Action item
Reproduce the entries shown below only from the line with "((\<lambda>x. f x" down to the line with "0) \<Longrightarrow> Ck", keeping both end lines and copying each one exactly.

(Saved entries)
=== Section Start ===

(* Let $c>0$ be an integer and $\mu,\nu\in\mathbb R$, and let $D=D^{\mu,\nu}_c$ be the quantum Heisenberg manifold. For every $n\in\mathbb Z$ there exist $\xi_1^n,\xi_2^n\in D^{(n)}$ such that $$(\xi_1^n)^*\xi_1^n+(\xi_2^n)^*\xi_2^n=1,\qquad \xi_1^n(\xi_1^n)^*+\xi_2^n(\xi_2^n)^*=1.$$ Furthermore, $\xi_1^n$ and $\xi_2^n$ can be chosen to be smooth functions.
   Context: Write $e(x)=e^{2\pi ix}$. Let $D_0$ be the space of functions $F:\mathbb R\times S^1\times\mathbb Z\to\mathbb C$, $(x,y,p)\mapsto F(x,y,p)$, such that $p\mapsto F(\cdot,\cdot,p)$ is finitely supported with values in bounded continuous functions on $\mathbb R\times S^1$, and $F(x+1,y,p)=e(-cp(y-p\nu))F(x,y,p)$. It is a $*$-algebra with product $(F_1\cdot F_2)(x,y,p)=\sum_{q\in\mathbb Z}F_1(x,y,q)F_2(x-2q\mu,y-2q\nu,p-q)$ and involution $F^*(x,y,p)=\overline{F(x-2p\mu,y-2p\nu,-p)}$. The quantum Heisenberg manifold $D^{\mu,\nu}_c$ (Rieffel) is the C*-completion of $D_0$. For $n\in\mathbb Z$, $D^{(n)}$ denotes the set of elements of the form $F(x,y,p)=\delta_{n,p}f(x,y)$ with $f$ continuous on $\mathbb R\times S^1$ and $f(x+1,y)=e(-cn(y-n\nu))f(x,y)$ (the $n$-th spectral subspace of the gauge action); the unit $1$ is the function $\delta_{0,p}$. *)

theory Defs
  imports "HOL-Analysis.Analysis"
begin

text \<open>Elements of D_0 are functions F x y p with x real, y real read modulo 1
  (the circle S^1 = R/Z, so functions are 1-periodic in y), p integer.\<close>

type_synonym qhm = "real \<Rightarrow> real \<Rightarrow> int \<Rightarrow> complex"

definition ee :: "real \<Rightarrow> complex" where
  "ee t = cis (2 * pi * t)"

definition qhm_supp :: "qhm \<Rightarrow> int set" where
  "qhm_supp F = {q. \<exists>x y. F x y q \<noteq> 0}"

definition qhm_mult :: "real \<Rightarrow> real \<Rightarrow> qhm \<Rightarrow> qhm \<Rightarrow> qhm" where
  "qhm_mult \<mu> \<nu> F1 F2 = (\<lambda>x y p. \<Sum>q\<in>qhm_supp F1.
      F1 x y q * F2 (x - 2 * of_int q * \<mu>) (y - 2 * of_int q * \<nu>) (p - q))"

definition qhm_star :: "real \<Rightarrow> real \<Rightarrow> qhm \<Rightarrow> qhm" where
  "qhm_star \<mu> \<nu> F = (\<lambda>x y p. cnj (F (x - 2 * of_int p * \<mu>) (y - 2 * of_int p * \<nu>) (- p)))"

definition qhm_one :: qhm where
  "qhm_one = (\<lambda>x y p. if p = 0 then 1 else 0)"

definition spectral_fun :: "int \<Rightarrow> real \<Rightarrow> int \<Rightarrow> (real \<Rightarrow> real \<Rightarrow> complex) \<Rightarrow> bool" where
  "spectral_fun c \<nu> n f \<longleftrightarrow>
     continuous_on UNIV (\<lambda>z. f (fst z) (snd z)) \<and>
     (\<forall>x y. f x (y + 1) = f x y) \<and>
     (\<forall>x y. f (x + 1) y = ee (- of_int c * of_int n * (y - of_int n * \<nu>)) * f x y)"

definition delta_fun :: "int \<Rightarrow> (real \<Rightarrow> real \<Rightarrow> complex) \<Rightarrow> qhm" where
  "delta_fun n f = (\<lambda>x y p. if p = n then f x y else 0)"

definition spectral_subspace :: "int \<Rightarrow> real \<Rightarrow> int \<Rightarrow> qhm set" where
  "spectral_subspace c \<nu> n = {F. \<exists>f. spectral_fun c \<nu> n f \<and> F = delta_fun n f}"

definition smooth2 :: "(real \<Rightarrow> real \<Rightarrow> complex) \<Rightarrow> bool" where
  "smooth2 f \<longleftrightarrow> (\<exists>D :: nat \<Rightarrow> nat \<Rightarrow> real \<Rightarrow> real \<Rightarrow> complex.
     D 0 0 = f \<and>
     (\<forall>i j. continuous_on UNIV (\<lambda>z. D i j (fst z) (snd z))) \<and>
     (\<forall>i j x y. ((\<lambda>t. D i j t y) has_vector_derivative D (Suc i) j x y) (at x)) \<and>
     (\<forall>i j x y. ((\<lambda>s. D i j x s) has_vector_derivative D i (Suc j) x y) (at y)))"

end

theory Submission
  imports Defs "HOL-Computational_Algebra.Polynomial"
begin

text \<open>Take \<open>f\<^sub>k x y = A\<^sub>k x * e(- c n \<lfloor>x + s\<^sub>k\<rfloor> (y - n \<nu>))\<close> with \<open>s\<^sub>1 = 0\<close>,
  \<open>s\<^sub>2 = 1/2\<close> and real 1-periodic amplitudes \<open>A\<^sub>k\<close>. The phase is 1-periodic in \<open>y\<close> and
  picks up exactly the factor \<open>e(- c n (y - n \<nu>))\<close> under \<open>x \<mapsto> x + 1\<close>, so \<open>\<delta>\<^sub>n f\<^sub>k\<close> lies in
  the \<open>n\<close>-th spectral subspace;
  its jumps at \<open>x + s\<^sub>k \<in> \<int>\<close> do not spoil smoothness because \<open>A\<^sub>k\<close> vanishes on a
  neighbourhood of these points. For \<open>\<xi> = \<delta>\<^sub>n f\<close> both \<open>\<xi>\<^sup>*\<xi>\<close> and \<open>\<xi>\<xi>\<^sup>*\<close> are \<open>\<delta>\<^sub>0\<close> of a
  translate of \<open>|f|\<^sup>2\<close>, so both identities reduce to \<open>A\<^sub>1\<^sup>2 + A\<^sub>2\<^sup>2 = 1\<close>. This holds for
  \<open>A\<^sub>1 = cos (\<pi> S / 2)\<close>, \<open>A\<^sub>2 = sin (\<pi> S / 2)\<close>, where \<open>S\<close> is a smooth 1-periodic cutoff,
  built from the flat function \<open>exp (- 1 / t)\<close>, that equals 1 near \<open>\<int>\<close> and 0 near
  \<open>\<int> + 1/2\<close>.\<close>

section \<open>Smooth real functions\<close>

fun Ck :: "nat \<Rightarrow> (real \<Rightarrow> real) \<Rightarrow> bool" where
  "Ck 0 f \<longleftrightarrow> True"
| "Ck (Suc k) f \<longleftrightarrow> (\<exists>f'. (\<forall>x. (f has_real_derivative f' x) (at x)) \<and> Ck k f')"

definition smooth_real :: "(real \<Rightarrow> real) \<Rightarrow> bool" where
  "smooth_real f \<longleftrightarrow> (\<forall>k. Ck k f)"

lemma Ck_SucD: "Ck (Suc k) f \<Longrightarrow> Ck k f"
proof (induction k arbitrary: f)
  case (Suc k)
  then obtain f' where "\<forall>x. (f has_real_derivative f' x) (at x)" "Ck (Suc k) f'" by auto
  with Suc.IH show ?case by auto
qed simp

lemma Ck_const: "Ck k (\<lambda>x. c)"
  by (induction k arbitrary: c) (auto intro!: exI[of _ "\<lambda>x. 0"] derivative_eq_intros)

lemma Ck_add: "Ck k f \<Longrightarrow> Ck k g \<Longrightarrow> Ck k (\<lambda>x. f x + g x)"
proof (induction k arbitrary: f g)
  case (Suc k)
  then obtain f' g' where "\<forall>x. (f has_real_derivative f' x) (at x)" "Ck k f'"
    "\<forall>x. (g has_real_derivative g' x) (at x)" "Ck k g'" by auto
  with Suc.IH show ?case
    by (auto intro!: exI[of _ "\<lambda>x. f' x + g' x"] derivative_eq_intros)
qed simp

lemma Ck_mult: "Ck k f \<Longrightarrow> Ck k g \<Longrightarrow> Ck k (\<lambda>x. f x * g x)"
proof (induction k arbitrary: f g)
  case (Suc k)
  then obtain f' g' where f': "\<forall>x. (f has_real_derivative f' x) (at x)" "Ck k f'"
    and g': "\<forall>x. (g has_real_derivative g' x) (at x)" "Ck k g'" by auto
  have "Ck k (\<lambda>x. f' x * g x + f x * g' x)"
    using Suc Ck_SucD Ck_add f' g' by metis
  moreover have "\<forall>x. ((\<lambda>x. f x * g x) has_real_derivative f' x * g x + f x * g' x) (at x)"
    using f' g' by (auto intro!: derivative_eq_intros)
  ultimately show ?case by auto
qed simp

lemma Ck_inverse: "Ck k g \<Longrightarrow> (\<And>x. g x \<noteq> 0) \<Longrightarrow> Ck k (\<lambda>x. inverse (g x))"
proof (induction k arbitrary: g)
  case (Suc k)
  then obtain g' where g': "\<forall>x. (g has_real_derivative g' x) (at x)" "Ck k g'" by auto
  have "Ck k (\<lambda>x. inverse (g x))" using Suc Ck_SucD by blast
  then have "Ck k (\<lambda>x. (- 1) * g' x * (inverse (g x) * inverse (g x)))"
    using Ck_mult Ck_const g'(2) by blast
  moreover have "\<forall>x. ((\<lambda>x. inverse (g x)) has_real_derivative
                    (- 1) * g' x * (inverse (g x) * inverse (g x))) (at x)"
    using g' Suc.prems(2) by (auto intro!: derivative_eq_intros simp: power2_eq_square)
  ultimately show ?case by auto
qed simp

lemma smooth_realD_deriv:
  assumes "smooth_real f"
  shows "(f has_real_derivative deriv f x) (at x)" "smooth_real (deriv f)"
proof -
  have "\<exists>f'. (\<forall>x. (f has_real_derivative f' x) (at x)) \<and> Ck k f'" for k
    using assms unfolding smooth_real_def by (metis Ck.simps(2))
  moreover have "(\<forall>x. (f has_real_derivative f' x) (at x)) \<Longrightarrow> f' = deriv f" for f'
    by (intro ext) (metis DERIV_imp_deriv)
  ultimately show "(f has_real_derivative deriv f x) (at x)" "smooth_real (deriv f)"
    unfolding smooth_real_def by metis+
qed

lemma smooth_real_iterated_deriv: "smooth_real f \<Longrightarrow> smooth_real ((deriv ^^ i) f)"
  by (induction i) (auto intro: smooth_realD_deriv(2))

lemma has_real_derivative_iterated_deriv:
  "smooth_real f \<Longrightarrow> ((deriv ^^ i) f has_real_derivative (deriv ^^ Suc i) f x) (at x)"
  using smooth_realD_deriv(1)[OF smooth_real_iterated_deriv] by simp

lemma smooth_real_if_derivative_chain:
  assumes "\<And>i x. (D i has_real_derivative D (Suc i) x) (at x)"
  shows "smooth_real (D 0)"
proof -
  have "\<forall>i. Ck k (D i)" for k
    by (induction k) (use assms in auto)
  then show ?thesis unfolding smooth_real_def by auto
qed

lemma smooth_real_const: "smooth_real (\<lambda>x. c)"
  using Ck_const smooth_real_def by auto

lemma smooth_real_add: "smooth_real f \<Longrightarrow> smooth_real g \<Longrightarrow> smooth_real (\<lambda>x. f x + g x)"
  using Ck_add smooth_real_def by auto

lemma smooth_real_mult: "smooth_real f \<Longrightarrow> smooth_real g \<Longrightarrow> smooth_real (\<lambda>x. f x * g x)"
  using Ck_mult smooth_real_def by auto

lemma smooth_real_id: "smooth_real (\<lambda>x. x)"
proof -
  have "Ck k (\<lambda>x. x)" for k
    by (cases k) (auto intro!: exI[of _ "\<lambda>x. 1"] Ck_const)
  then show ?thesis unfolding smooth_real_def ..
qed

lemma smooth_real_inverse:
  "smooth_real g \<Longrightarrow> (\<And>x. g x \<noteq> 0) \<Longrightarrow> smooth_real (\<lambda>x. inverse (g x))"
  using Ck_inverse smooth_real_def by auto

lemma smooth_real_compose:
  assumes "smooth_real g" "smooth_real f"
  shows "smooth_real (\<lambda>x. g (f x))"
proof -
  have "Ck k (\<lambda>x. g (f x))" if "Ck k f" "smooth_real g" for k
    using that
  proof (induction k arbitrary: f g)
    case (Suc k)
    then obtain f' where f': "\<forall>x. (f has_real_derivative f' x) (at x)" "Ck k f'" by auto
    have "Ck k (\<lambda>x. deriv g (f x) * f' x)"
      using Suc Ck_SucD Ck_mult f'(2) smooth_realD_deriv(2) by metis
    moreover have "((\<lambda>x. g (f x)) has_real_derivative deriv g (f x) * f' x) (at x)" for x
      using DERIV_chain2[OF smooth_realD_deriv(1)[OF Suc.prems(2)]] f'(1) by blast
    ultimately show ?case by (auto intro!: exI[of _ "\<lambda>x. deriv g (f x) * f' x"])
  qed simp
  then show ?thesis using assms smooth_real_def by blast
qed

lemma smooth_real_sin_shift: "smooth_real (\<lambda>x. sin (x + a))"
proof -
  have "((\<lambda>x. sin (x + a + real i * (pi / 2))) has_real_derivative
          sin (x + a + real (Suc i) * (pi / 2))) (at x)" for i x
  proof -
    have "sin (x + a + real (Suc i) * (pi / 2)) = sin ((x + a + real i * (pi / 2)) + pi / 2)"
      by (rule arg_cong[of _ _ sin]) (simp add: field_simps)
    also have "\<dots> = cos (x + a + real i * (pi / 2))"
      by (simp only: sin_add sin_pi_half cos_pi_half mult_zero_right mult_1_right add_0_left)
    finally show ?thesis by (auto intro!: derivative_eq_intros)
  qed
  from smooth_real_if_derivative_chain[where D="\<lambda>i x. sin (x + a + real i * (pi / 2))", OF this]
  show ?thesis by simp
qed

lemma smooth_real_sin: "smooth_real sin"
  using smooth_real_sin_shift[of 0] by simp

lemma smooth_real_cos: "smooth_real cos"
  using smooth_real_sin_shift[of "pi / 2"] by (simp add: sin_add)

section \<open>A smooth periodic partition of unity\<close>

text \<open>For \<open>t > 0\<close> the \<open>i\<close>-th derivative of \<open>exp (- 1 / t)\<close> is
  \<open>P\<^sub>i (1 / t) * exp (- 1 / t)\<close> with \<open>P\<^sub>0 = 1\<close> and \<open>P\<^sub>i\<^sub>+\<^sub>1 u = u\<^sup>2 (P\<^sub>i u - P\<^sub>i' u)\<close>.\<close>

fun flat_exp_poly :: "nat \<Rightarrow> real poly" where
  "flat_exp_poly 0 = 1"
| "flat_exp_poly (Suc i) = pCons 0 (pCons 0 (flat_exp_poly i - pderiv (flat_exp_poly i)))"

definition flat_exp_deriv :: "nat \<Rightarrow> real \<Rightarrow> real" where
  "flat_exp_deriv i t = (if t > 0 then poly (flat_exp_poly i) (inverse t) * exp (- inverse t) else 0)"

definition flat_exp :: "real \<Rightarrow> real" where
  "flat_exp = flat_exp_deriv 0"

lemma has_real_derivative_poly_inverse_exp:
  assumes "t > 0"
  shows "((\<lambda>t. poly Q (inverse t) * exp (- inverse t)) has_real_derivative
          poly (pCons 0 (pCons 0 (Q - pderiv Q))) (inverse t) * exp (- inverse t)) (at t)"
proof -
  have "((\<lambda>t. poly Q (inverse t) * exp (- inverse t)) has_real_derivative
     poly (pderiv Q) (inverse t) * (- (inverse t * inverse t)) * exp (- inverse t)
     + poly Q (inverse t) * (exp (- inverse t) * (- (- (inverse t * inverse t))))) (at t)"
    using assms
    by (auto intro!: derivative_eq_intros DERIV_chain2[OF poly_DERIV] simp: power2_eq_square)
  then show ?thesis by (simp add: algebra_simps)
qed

=== Section End ===

Result of this exercise
  moreover have "\<forall>x. ((\<lambda>x. f x * g x) has_real_derivative f' x * g x + f x * g' x) (at x)"
    using f' g' by (auto intro!: derivative_eq_intros)
  ultimately show ?case by auto
qed simp

lemma Ck_inverse: "Ck k g \<Longrightarrow> (\<And>x. g x \<noteq> 0) \<Longrightarrow> Ck k (\<lambda>x. inverse (g x))"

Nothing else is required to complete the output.